__Task goal__: List each line of the data that holds the string "shows", please.

(Saved data entries)
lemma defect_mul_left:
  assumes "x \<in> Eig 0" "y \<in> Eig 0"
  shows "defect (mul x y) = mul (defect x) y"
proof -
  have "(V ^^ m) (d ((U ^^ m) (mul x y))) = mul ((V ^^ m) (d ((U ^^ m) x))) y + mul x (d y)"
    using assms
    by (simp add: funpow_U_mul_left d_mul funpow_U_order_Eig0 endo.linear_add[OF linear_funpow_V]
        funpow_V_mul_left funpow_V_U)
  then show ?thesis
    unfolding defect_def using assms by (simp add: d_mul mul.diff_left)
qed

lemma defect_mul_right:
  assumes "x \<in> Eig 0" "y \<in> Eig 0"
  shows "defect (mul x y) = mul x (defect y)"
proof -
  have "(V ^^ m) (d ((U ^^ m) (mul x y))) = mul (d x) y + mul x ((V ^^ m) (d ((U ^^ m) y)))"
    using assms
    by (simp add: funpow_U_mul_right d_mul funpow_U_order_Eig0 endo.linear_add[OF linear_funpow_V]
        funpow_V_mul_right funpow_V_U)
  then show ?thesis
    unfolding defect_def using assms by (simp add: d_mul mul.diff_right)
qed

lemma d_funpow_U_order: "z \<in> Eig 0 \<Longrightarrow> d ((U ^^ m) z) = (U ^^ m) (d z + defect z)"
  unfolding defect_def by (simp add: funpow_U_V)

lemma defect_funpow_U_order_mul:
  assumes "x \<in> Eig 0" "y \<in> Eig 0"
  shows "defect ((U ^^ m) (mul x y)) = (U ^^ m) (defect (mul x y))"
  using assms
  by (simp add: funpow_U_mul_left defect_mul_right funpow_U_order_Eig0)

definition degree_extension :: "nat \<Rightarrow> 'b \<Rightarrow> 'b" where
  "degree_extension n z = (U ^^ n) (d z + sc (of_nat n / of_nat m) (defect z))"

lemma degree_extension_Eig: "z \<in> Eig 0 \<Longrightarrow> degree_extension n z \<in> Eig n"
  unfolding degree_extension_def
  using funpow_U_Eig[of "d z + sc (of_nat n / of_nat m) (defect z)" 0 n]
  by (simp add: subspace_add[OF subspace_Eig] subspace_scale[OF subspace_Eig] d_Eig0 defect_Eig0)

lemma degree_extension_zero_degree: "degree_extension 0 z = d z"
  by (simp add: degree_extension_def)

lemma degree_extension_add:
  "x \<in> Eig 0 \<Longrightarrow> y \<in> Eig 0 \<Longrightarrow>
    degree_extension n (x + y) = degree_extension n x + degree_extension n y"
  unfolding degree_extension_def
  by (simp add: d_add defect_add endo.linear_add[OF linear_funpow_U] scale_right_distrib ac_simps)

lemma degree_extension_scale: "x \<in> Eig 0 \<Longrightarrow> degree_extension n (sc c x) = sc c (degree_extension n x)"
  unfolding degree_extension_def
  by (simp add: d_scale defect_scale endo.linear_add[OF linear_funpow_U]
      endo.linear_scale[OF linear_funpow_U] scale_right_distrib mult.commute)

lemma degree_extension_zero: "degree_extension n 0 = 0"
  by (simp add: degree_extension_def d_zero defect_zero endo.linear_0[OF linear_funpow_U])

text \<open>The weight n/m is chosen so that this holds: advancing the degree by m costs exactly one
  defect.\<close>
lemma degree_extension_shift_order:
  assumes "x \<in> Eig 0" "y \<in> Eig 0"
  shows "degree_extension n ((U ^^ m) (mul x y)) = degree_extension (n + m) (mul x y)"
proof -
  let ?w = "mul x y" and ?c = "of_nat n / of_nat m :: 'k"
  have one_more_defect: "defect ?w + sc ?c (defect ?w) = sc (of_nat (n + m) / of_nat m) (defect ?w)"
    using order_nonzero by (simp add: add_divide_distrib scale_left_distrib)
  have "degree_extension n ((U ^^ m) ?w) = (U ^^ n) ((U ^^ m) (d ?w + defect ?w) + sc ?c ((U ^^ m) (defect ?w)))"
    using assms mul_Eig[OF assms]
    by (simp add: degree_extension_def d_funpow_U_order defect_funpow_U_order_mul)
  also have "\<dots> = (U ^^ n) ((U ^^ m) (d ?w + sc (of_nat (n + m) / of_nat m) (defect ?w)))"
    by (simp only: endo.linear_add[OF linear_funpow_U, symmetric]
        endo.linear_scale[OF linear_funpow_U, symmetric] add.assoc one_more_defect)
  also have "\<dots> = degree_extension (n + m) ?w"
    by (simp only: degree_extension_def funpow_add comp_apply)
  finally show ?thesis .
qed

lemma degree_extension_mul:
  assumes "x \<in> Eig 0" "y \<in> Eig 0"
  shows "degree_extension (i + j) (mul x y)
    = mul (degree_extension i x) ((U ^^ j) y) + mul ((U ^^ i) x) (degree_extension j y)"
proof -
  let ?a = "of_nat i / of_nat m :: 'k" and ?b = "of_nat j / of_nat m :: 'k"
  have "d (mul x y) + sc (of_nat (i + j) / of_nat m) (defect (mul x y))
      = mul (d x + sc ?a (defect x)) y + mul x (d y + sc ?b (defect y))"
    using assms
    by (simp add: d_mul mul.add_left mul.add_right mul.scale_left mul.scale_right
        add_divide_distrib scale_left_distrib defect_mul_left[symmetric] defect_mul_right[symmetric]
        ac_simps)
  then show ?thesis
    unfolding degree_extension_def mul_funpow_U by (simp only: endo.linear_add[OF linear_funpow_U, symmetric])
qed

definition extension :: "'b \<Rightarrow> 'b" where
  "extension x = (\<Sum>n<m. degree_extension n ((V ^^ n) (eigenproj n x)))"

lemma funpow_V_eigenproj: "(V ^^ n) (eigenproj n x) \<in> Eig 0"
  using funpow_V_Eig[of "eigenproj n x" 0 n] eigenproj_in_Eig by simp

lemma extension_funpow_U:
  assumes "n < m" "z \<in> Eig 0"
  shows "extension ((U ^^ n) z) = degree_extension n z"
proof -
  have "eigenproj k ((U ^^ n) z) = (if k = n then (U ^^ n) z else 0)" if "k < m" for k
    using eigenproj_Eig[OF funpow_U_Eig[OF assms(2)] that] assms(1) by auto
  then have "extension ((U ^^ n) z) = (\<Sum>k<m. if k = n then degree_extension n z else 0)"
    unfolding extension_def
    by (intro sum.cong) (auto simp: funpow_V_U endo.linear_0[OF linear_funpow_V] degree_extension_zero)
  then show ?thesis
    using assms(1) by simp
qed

__Output__:
  shows "defect (mul x y) = mul (defect x) y"
  shows "defect (mul x y) = mul x (defect y)"
  shows "defect ((U ^^ m) (mul x y)) = (U ^^ m) (defect (mul x y))"
  shows "degree_extension n ((U ^^ m) (mul x y)) = degree_extension (n + m) (mul x y)"
  shows "degree_extension (i + j) (mul x y)
  shows "extension ((U ^^ n) z) = degree_extension n z"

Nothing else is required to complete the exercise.